If a line below includes the string "unfolding", copy it.

[Opening Data for this exercise section]

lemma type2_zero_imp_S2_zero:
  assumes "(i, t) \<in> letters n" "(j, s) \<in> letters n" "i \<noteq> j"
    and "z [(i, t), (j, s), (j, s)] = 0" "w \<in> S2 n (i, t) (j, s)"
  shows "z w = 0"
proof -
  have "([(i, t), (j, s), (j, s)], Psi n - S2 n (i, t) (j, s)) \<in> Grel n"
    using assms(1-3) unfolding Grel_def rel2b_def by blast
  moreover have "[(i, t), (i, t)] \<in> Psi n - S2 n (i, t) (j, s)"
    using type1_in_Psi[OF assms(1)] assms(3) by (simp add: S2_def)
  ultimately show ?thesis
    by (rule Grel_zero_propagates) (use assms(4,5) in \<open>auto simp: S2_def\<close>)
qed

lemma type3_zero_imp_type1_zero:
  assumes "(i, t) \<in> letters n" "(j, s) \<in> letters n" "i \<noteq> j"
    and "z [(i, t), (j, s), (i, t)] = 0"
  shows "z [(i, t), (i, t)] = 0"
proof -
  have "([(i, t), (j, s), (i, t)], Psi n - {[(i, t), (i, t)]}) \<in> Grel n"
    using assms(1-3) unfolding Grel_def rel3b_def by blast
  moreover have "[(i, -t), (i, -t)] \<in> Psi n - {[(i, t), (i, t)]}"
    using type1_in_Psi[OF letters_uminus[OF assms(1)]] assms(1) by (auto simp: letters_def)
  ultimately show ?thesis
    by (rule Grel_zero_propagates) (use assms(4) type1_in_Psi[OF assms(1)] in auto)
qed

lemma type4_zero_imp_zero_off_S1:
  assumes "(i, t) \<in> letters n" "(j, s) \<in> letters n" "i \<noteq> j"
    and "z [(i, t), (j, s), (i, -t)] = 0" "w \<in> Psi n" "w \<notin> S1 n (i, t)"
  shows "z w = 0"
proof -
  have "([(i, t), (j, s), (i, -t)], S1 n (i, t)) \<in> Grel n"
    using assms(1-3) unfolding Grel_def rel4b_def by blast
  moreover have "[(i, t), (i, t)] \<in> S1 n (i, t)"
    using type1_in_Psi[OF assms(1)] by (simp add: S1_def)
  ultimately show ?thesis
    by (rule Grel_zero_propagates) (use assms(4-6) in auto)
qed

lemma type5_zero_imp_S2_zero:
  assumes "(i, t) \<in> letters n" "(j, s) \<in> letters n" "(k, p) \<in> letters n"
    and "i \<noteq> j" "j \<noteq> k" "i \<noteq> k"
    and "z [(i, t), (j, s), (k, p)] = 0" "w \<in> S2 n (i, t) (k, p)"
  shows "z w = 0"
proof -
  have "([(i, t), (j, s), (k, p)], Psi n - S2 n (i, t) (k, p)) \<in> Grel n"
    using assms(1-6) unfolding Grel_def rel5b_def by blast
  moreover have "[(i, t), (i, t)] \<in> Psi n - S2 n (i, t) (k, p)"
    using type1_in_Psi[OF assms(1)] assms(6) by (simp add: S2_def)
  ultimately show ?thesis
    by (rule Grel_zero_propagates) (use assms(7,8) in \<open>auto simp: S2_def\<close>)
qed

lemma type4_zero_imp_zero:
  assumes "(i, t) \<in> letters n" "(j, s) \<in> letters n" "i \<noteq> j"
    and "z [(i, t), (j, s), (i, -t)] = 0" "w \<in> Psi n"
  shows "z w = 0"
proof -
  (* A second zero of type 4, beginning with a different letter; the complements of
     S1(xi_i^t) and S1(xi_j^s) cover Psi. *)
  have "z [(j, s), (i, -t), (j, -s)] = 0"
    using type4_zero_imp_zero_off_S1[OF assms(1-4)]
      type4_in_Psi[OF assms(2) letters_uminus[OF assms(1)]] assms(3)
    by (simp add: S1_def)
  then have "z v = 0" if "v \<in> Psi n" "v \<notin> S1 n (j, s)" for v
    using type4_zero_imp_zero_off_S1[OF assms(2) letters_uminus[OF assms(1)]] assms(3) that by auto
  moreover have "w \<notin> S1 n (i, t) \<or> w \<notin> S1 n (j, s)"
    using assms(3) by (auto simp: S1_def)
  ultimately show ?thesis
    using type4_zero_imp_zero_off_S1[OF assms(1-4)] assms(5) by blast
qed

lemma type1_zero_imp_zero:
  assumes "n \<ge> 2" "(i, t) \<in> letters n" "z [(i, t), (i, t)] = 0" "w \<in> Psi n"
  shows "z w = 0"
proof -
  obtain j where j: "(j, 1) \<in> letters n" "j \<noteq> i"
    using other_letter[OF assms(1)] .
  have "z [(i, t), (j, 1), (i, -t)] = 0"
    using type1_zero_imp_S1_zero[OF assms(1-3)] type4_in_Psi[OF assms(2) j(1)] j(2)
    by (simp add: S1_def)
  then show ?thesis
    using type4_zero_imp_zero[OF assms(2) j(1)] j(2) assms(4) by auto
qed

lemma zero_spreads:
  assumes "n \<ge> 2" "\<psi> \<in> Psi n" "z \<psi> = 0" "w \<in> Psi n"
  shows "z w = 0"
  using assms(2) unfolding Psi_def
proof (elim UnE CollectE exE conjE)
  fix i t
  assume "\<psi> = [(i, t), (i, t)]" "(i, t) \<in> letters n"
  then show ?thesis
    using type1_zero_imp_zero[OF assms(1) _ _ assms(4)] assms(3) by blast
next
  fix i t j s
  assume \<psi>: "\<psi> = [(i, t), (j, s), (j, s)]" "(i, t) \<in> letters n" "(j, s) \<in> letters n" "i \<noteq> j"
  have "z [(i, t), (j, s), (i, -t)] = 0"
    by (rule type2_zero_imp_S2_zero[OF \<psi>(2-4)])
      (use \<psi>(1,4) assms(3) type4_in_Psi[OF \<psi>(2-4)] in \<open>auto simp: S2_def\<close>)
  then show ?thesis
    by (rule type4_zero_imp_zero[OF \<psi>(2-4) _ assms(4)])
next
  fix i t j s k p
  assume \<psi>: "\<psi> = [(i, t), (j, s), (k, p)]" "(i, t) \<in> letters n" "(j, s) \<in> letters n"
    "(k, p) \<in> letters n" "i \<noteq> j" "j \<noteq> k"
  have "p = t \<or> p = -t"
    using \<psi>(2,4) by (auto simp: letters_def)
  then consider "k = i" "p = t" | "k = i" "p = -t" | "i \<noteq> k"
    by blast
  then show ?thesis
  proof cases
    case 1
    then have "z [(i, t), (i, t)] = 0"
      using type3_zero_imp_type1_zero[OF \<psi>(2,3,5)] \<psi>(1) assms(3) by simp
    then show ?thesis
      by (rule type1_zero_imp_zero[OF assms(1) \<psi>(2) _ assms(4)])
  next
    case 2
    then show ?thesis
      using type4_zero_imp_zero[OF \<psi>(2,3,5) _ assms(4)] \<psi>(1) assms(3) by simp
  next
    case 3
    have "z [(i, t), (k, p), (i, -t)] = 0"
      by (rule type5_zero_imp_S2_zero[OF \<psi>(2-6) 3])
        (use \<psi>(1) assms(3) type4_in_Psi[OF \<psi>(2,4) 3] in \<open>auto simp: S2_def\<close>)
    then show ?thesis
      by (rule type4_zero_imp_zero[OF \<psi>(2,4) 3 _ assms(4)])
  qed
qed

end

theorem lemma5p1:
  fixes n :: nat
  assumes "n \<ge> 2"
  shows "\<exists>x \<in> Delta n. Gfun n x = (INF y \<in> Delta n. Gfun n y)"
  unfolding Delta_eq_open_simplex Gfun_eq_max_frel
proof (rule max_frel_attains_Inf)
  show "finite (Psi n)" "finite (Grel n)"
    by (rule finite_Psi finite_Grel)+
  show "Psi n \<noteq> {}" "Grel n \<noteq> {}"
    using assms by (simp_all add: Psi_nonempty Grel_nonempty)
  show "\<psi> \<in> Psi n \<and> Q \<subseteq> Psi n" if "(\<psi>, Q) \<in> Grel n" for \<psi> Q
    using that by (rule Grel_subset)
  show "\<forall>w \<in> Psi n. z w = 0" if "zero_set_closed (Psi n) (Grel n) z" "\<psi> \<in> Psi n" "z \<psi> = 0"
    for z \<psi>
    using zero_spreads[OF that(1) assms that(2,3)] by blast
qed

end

[Closing Data for this exercise section]

- [Exercise solution]
    using assms(1-3) unfolding Grel_def rel2b_def by blast
    using assms(1-3) unfolding Grel_def rel3b_def by blast
    using assms(1-3) unfolding Grel_def rel4b_def by blast
    using assms(1-6) unfolding Grel_def rel5b_def by blast
  using assms(2) unfolding Psi_def
  unfolding Delta_eq_open_simplex Gfun_eq_max_frel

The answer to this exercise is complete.